The Devil’s Blunt Instrument

Libertarians believe they are on the march, following last week’s local election successes by UKIP. And in the libertarian vanguard is The Devil’s Knife, successor to the even swearier Devil’s Kitchen, and presumably still the handiwork of one Chris Mounsey, whose fifteen minutes of fame consisted of being done up like a kipper by Andrew “Brillo Pad” Neil in the run-up to the 2010 General Election.


The Devil clearly favours Nigel “Thirsty” Farage and his pals. So what high-minded libertarian ideas are in the mix? “First, the British people are worried about a particular sort of immigrant—those that they see as ‘foreign’. This is a loose term, but essentially includes people who don't speak English ... UKIP can pledge to target the immigrants that people fear”.

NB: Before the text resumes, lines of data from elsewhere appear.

lemma max_chain_splice:
  fixes C D :: "'a::order set"
  assumes C: "C \<in> max_chains X" and D: "D \<in> max_chains X" and x: "x \<in> C" "x \<in> D"
  shows "{c \<in> C. c \<le> x} \<union> {d \<in> D. x \<le> d} \<in> max_chains X"
proof -
  let ?E = "{c \<in> C. c \<le> x} \<union> {d \<in> D. x \<le> d}"
  have chains: "is_chain X C" "is_chain X D"
    using C D by (simp_all add: max_chains_is_chain)
  then have "is_chain X ?E"
    unfolding is_chain_def by (blast intro: order.trans)
  moreover have "C' \<subseteq> ?E" if C': "is_chain X C'" "?E \<subseteq> C'" for C'
  proof
    fix z assume "z \<in> C'"
    moreover have "x \<in> C'"
      using x C' by auto
    ultimately have z: "z \<in> X" "z \<le> x \<or> x \<le> z"
      using C' by (auto simp: is_chain_def)
    from z(2) show "z \<in> ?E"
    proof
      assume "z \<le> x"
      have "z \<le> c \<or> c \<le> z" if "c \<in> C" for c
      proof (cases "c \<le> x")
        case True
        then have "c \<in> C'"
          using that C'(2) by blast
        then show ?thesis
          using C'(1) \<open>z \<in> C'\<close> by (simp add: is_chain_def)
      next
        case False
        then have "x \<le> c"
          using that x chains(1) by (auto simp: is_chain_def)
        then show ?thesis
          using \<open>z \<le> x\<close> by (blast intro: order.trans)
      qed
      then have "z \<in> C"
        using C z(1) by (blast intro: max_chain_memberI)
      with \<open>z \<le> x\<close> show ?thesis
        by blast
    next
      assume "x \<le> z"
      have "z \<le> d \<or> d \<le> z" if "d \<in> D" for d
      proof (cases "x \<le> d")
        case True
        then have "d \<in> C'"
          using that C'(2) by blast
        then show ?thesis
          using C'(1) \<open>z \<in> C'\<close> by (simp add: is_chain_def)
      next
        case False
        then have "d \<le> x"
          using that x chains(2) by (auto simp: is_chain_def)
        then show ?thesis
          using \<open>x \<le> z\<close> by (blast intro: order.trans)
      qed
      then have "z \<in> D"
        using D z(1) by (blast intro: max_chain_memberI)
      with \<open>x \<le> z\<close> show ?thesis
        by blast
    qed
  qed
  ultimately show ?thesis
    unfolding max_chains_def by blast
qed

lemma max_chain_without_strict_pairs:
  fixes C :: "'a::order set"
  assumes X: "poset_connected X" and C: "C \<in> max_chains X" and "strict_pairs C = {}"
  shows "C = X"
proof -
  obtain c where "c \<in> X"
    using X by (auto simp: poset_connected_def)
  have "C \<noteq> {}"
    using C \<open>c \<in> X\<close> max_chain_memberI by fastforce
  moreover have "a = b" if "a \<in> C" "b \<in> C" for a b
    using that assms(3) max_chains_is_chain[OF C]
    by (auto simp: strict_pairs_def is_chain_def order.order_iff_strict)
  ultimately obtain c where C_eq: "C = {c}"
    by blast
  have "y \<in> C" if "y \<in> X" for y
  proof -
    have "(c, y) \<in> {(a, b). a \<in> X \<and> b \<in> X \<and> (a \<le> b \<or> b \<le> a)}\<^sup>*"
      using X that C_eq max_chains_is_chain[OF C] by (auto simp: poset_connected_def is_chain_def)
    then show ?thesis
    proof (induction rule: rtrancl_induct)
      case base
      then show ?case
        using C_eq by simp
    next
      case (step a b)
      then have "\<forall>c'\<in>C. b \<le> c' \<or> c' \<le> b"
        using C_eq by auto
      then show ?case
        using max_chain_memberI[OF C] step(2) by blast
    qed
  qed
  then show ?thesis
    using max_chains_is_chain[OF C] by (auto simp: is_chain_def)
qed

lemma max_chains_eq_if_strict_pairs_eq:
  fixes C D :: "'a::order set"
  assumes "poset_connected X" "C \<in> max_chains X" "D \<in> max_chains X"
    and "strict_pairs C = strict_pairs D"
  shows "C = D"
proof (cases "strict_pairs C = {}")
  case True
  then show ?thesis
    using assms max_chain_without_strict_pairs by metis
next
  case False
  have "E = fst ` strict_pairs E \<union> snd ` strict_pairs E"
    if E: "E \<in> max_chains X" "strict_pairs E \<noteq> {}" for E
  proof -
    obtain a b where ab: "(a, b) \<in> strict_pairs E"
      using E(2) by auto
    have "e \<in> fst ` strict_pairs E \<union> snd ` strict_pairs E" if "e \<in> E" for e
    proof -
      have "e = a \<or> e < a \<or> a < e"
        using max_chains_is_chain[OF E(1)] that ab
        by (auto simp: strict_pairs_def is_chain_def order.order_iff_strict)
      then show ?thesis
        using that ab unfolding strict_pairs_def by (auto intro: rev_image_eqI)
    qed
    then show ?thesis
      by (auto simp: strict_pairs_def)
  qed
  then show ?thesis
    using False assms by metis
qed

lemma equiv_chain_equiv: "equiv (max_chains X) (chain_equiv X)"
proof -
  let ?S = "linked X \<union> (linked X)\<inverse>"
  have "sym (?S\<^sup>*)"
    by (simp add: sym_Un_converse sym_rtrancl)
  then show ?thesis
    unfolding chain_equiv_def
    by (auto simp: equiv_def refl_on_def sym_def trans_def intro: rtrancl_trans)
qed

lemma linked_subset_chain_equiv: "linked X \<subseteq> chain_equiv X"
  by (auto simp: chain_equiv_def linked_def)

lemma chain_equiv_sym: "(C, D) \<in> chain_equiv X \<Longrightarrow> (D, C) \<in> chain_equiv X"
  using equiv_chain_equiv by (meson equiv_def symE)

lemma chain_equiv_trans:
  "(C, D) \<in> chain_equiv X \<Longrightarrow> (D, E) \<in> chain_equiv X \<Longrightarrow> (C, E) \<in> chain_equiv X"
  using equiv_chain_equiv by (meson equiv_def transE)

section \<open>End pairs of maximal chains\<close>

definition first_pair :: "'a list \<Rightarrow> 'a \<times> 'a" where
  "first_pair v = (v ! 0, v ! 1)"

definition last_pair :: "'a list \<Rightarrow> 'a \<times> 'a" where
  "last_pair v = (v ! (length v - 2), v ! (length v - 1))"

lemma first_pair_ne_last_pair:
  fixes v :: "'a::order list"
  assumes "sorted_wrt (<) v" "3 \<le> length v"
  shows "first_pair v \<noteq> last_pair v"
proof -
  have "v ! 1 < v ! (length v - 1)"
    using assms by (intro sorted_wrt_nth_less[OF assms(1)]) auto
  then show ?thesis
    by (auto simp: first_pair_def last_pair_def)
qed

lemma increasing_on_lists_end_pairs:
  assumes "increasing_on_lists \<theta> u v" "2 \<le> length u"
  shows "\<theta> (first_pair u) = first_pair v" "\<theta> (last_pair u) = last_pair v"
proof -
  have "0 < (1::nat)" "1 < length u" "length u - 2 < length u - 1" "length u - 1 < length u"
    using assms(2) by auto
  then show "\<theta> (first_pair u) = first_pair v" "\<theta> (last_pair u) = last_pair v"
    using assms(1) unfolding increasing_on_lists_def first_pair_def last_pair_def by metis+
qed

lemma decreasing_on_lists_end_pairs:
  assumes "decreasing_on_lists \<theta> u v" "2 \<le> length u"
  shows "\<theta> (first_pair u) = last_pair v" "\<theta> (last_pair u) = first_pair v"
proof -
  have "0 < (1::nat)" "1 < length u" "length u - 2 < length u - 1" "length u - 1 < length u"
    "length u - 1 - 0 = length u - 1" "length u - 1 - 1 = length u - 2"
    "length u - 1 - (length u - 2) = 1" "length u - 1 - (length u - 1) = 0"
    using assms(2) by auto
  then show "\<theta> (first_pair u) = last_pair v" "\<theta> (last_pair u) = first_pair v"
    using assms(1) unfolding decreasing_on_lists_def first_pair_def last_pair_def by metis+
qed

Anyone seeing the significant disconnect between any definition of “libertarian” and a desire to wall up the UK against people talking foreign may be reassured that they are not alone: libertarian this is not. Nor is the necessary suspension of reality to accommodate the UKIP line on energy policy: “UKIP also have a credible energy policy ... we are in severe danger of rolling power cuts next year”.

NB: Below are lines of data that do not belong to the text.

(* Let $n\ge 1$, $c\ge 2$, $d\ge 2$ be integers, and let $f:\mathbb{Z}_c^n\to\mathbb{Z}_d$ be a function that is not an $n$-partite linear function. Let $\pi$ be a probability distribution on $\mathbb{Z}_c^n$ with $\pi(\mathbf{s})>0$ for every $\mathbf{s}$, and put $$\bar p^{\mathcal{L}}_{f}=\max_{g}\sum_{\mathbf{s}}\pi(\mathbf{s})\,\delta^{f(\mathbf{s})}_{g(\mathbf{s})},$$ the maximum being over all $n$-partite linear functions $g:\mathbb{Z}_c^n\to\mathbb{Z}_d$. Consider the inequality $$\sum_{\mathbf{s}}\pi(\mathbf{s})\sum_{k=1}^{d-1}\Big(\delta^{k}_{f(\mathbf{s})}-\delta^{0}_{f(\mathbf{s})}\Big)p(k|\mathbf{s})\;\le\;\bar p^{\mathcal{L}}_{f}-\sum_{\mathbf{s}}\pi(\mathbf{s})\,\delta^{0}_{f(\mathbf{s})}. \qquad (\ast)$$ Then $(\ast)$ is a non-trivial Bell inequality: it is satisfied by every LHV correlator, and its right-hand side is strictly smaller than the maximum of its left-hand side over all correlators in $\mathcal{P}$.
   Context: Bell scenario $(n,c,d)$: $n$ space-like separated parties; party $j$ receives an input $s_j\in\mathbb{Z}_c$ and produces an output $m_j\in\mathbb{Z}_d$; $\mathbf{s}=(s_1,\dots,s_n)$, $\mathbf{m}=(m_1,\dots,m_n)$. A conditional distribution $p(\mathbf{m}|\mathbf{s})$ is LHV (local hidden variable) if $p(\mathbf{m}|\mathbf{s})=\int p(\lambda)d\lambda\prod_{j=1}^n p(m_j|s_j,\lambda)$ for some probability measure on a hidden variable space and local conditional distributions. Its correlator is $p(k|\mathbf{s})=\sum_{\mathbf{m}}\delta^{[\sum_j m_j]_d}_{k}\,p(\mathbf{m}|\mathbf{s})$ for $k\in\mathbb{Z}_d$, where $[\cdot]_d$ denotes reduction mod $d$; LHV correlators are correlators of LHV distributions. $\mathcal{P}$ is the set of all correlator families, i.e. the convex hull of the deterministic correlators $p(k|\mathbf{s})=\delta^k_{F(\mathbf{s})}$ over all functions $F:\mathbb{Z}_c^n\to\mathbb{Z}_d$ (equivalently, all families with $p(\cdot|\mathbf{s})$ a probability distribution on $\mathbb{Z}_d$ for each $\mathbf{s}$). A function $g:\mathbb{Z}_c^n\to\mathbb{Z}_d$ is $n$-partite linear if $g(\mathbf{s})=[\sum_{j=1}^n g_j(s_j)]_d$ for some single-site maps $g_j:\mathbb{Z}_c\to\mathbb{Z}_d$. $\delta$ denotes the Kronecker delta. *)

theory Defs
  imports "HOL-Probability.Probability"
begin

text \<open>Tuples in Z_q^n are represented as lists of naturals of length n with entries below q.\<close>
definition tuples :: "nat \<Rightarrow> nat \<Rightarrow> nat list set" where
  "tuples n q = {xs. length xs = n \<and> (\<forall>x\<in>set xs. x < q)}"

text \<open>Local hidden variable model: probability measure M on the hidden variable space and
  local response functions P j a b lam = p(m_j = b | s_j = a, lam) for party j.\<close>
definition lhv_model :: "'h measure \<Rightarrow> (nat \<Rightarrow> nat \<Rightarrow> nat \<Rightarrow> 'h \<Rightarrow> real) \<Rightarrow> nat \<Rightarrow> nat \<Rightarrow> nat \<Rightarrow> bool" where
  "lhv_model M P n c d \<longleftrightarrow> prob_space M \<and>
     (\<forall>j a b. P j a b \<in> borel_measurable M) \<and>
     (\<forall>j<n. \<forall>a<c. \<forall>b<d. \<forall>lam\<in>space M. 0 \<le> P j a b lam) \<and>
     (\<forall>j<n. \<forall>a<c. \<forall>lam\<in>space M. (\<Sum>b<d. P j a b lam) = 1)"

definition lhv_dist :: "'h measure \<Rightarrow> (nat \<Rightarrow> nat \<Rightarrow> nat \<Rightarrow> 'h \<Rightarrow> real) \<Rightarrow> nat \<Rightarrow> nat list \<Rightarrow> nat list \<Rightarrow> real" where
  "lhv_dist M P n s m = (\<integral>lam. (\<Prod>j<n. P j (s ! j) (m ! j) lam) \<partial>M)"

definition correlator :: "nat \<Rightarrow> nat \<Rightarrow> (nat list \<Rightarrow> nat list \<Rightarrow> real) \<Rightarrow> nat list \<Rightarrow> nat \<Rightarrow> real" where
  "correlator n d p s k = (\<Sum>m\<in>tuples n d. (if sum_list m mod d = k then 1 else 0) * p s m)"

definition corr_families :: "nat \<Rightarrow> nat \<Rightarrow> nat \<Rightarrow> (nat list \<Rightarrow> nat \<Rightarrow> real) set" where
  "corr_families n c d = {q. (\<forall>s\<in>tuples n c. (\<forall>k<d. 0 \<le> q s k) \<and> (\<Sum>k<d. q s k) = 1)}"

definition npartite_linear :: "nat \<Rightarrow> nat \<Rightarrow> nat \<Rightarrow> (nat list \<Rightarrow> nat) \<Rightarrow> bool" where
  "npartite_linear n c d g \<longleftrightarrow>
     (\<exists>gs :: nat \<Rightarrow> nat \<Rightarrow> nat. (\<forall>j<n. \<forall>a<c. gs j a < d) \<and>
        (\<forall>s\<in>tuples n c. g s = (\<Sum>j<n. gs j (s ! j)) mod d))"

definition kdelta :: "nat \<Rightarrow> nat \<Rightarrow> real" where
  "kdelta a b = (if a = b then 1 else 0)"

definition bell_lhs :: "nat \<Rightarrow> nat \<Rightarrow> nat \<Rightarrow> (nat list \<Rightarrow> real) \<Rightarrow> (nat list \<Rightarrow> nat) \<Rightarrow> (nat list \<Rightarrow> nat \<Rightarrow> real) \<Rightarrow> real" where
  "bell_lhs n c d \<pi> f q = (\<Sum>s\<in>tuples n c. \<pi> s * (\<Sum>k\<in>{1..d-1}. (kdelta k (f s) - kdelta 0 (f s)) * q s k))"

definition pbar_lin :: "nat \<Rightarrow> nat \<Rightarrow> nat \<Rightarrow> (nat list \<Rightarrow> real) \<Rightarrow> (nat list \<Rightarrow> nat) \<Rightarrow> real" where
  "pbar_lin n c d \<pi> f = Max {(\<Sum>s\<in>tuples n c. \<pi> s * kdelta (f s) (g s)) | g. npartite_linear n c d g}"

definition bell_rhs :: "nat \<Rightarrow> nat \<Rightarrow> nat \<Rightarrow> (nat list \<Rightarrow> real) \<Rightarrow> (nat list \<Rightarrow> nat) \<Rightarrow> real" where
  "bell_rhs n c d \<pi> f = pbar_lin n c d \<pi> f - (\<Sum>s\<in>tuples n c. \<pi> s * kdelta 0 (f s))"

end

theory Submission
  imports Defs
begin

text \<open>For a normalised correlator the left-hand side is the success probability
  \<open>\<Sum>s. \<pi> s * p (f s | s)\<close> of outputting \<open>f s\<close>, minus a constant. For a fixed hidden
  variable an LHV model is a product of local response distributions; derandomising one party at a
  time shows that it does no better than a deterministic strategy \<open>m\<^sub>j = h\<^sub>j (s\<^sub>j)\<close>, whose
  output \<open>(\<Sum>j. h\<^sub>j (s\<^sub>j)) mod d\<close> is n-partite linear. Averaging over the hidden variable bounds
  the success probability by the linear optimum, which is below 1 because f is not linear and
  \<pi> has full support, while the deterministic correlator \<open>\<delta>(k, f s)\<close> succeeds with probability 1.\<close>

lemma tuples_0: "tuples 0 c = {[]}"
  by (auto simp: tuples_def)

lemma tuples_Suc: "tuples (Suc n) c = (\<lambda>(a, s). a # s) ` ({..<c} \<times> tuples n c)"
proof
  show "tuples (Suc n) c \<subseteq> (\<lambda>(a, s). a # s) ` ({..<c} \<times> tuples n c)"
  proof
    fix xs assume "xs \<in> tuples (Suc n) c"
    then obtain a s where "xs = a # s" "a < c" "s \<in> tuples n c"
      by (auto simp: tuples_def length_Suc_conv)
    then show "xs \<in> (\<lambda>(a, s). a # s) ` ({..<c} \<times> tuples n c)"
      by force
  qed
qed (auto simp: tuples_def)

Blatant dishonesty is not what I’d readily categorise as “credible”, but do go on: “energy bills have soared. UKIP have a credible answer for this—the government should stop artificially forcing up energy prices ... much of the legislation doing so comes from the EU”. Baloney. Most of the variation in energy prices is caused by what any good libertarian should be able to recognise at fifty paces.

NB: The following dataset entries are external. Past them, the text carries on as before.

(* Let $n\ge 6$ be an even integer not divisible by $4$, and let $A=[a_{ij}]$ be the $n\times n$ matrix produced by the singly even construction described in the context. Then $\sum_{i=1}^n a_{ii} = \frac{n(n^2+1)}{2}$ and $\sum_{i=1}^n a_{i,n-i+1} = \frac{n(n^2+1)}{2}$.
   Context: Siamese method for odd $p$: produce a $p\times p$ matrix $S$ containing $1,\dots,p^2$ by placing $1$ at position $(1,\frac{p+1}{2})$, and for $k=1,\dots,p^2-1$, if $k$ is at $(i,j)$, place $k+1$ at the cell one row up and one column right, wrapping cyclically (row $0$ means row $p$, column $p+1$ means column $1$), unless that cell is already occupied or $(i,j)=(1,p)$, in which case place $k+1$ at $(i+1,j)$. Singly even construction: let $p=n/2$ (odd), $m=\frac{n-2}{4}$, $q=\frac{n-6}{4}$. For $\ell=1,\dots,4$ let $A^\ell = S + (\ell-1)\frac{n^2}{4}J$ with $J$ the all-ones $p\times p$ matrix, and form $\begin{bmatrix} A^1 & A^3\\ A^4 & A^2\end{bmatrix}$. Let $T = \{(i,j): i\in\{1,\dots,m\}\cup\{m+2,\dots,p\},\ j\in\{1,\dots,m\}\}\cup\{(m+1,j): j\in\{m+1,\dots,2m\}\}$. Then: (1) for every $(i,j)\in T$ exchange $A^1_{ij}$ and $A^4_{ij}$; (2) for every $i\in\{1,\dots,p\}$ and $j\in\{p-q+1,\dots,p\}$ exchange $A^3_{ij}$ and $A^2_{ij}$. The resulting $n\times n$ matrix is $A$. *)

theory Defs
  imports Main
begin

text \<open>Siamese method for odd p. Rows and columns are 1-based.
  siamese_positions p k is the list of the cells holding 1, ..., k
  (entry number t-1 of the list is the cell of t).\<close>

fun siamese_positions :: "nat \<Rightarrow> nat \<Rightarrow> (nat \<times> nat) list" where
  "siamese_positions p 0 = []"
| "siamese_positions p (Suc k) =
     (let ps = siamese_positions p k in
      if k = 0 then [(1, (p + 1) div 2)]
      else (let (i, j) = last ps;
                c = (if i = 1 then p else i - 1, if j = p then 1 else j + 1)
            in if c \<in> set ps \<or> (i, j) = (1, p) then ps @ [(i + 1, j)] else ps @ [c]))"

definition siamese :: "nat \<Rightarrow> nat \<Rightarrow> nat \<Rightarrow> nat" where
  "siamese p i j =
     (THE k. 1 \<le> k \<and> k \<le> p\<^sup>2 \<and> siamese_positions p (p\<^sup>2) ! (k - 1) = (i, j))"

definition swapT :: "nat \<Rightarrow> (nat \<times> nat) set" where
  "swapT n = (let p = n div 2; m = (n - 2) div 4 in
     {(i, j). (i \<in> {1..m} \<union> {m+2..p}) \<and> j \<in> {1..m}} \<union> {(m + 1, j) | j. j \<in> {m+1..2*m}})"

definition blockA :: "nat \<Rightarrow> nat \<Rightarrow> nat \<Rightarrow> nat \<Rightarrow> nat" where
  "blockA n l i j = siamese (n div 2) i j + (l - 1) * (n\<^sup>2 div 4)"

text \<open>The singly even magic square A (entries (i,j), 1 \<le> i,j \<le> n), built from
  [A1 A3; A4 A2] with the two exchanges.\<close>
definition singly_even :: "nat \<Rightarrow> nat \<Rightarrow> nat \<Rightarrow> nat" where
  "singly_even n i j =
    (let p = n div 2; q = (n - 6) div 4; T = swapT n in
     if i \<le> p \<and> j \<le> p then
       (if (i, j) \<in> T then blockA n 4 i j else blockA n 1 i j)
     else if i \<le> p then
       (if p - q + 1 \<le> j - p then blockA n 2 i (j - p) else blockA n 3 i (j - p))
     else if j \<le> p then
       (if (i - p, j) \<in> T then blockA n 1 (i - p) j else blockA n 4 (i - p) j)
     else
       (if p - q + 1 \<le> j - p then blockA n 3 (i - p) (j - p) else blockA n 2 (i - p) (j - p)))"

end

theory Submission
  imports Defs
begin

And that is good old fashioned supply and demand. Most of the UK’s energy is based on power generation using coal and gas. These are, mostly, imported. Other countries also generate power this way. This tends to drive up prices. These forces do not melt away merely because the country concerned is not in the EU. Perhaps The Devil can do better on UKIP’s economic policy?

UKIP believe that lower taxes will bring higher growth—not surprising when you consider that their fiscal policy was largely written by Tim Worstall”. Ah yes, the kind of reduction in the public sector that would be magically replaced – and more – by the private one. In other words, the forced removal of purchasing power from the economy on the off-chance a kind entrepreneur will come along and fix it.

So that’s an immigration policy that is flagrantly non-libertarian, an energy policy that ignores the rules of supply and demand in favour of kicking the EU dog, and an economic policy that looks forward to chucking a few hundred thousand more on to the dole queue in pursuit of some vision of ideological purity. Probably best to hide behind Farage until the cameras have piled off somewhere else, then.

On that showing, The Devil’s Knife is a very blunt instrument indeed.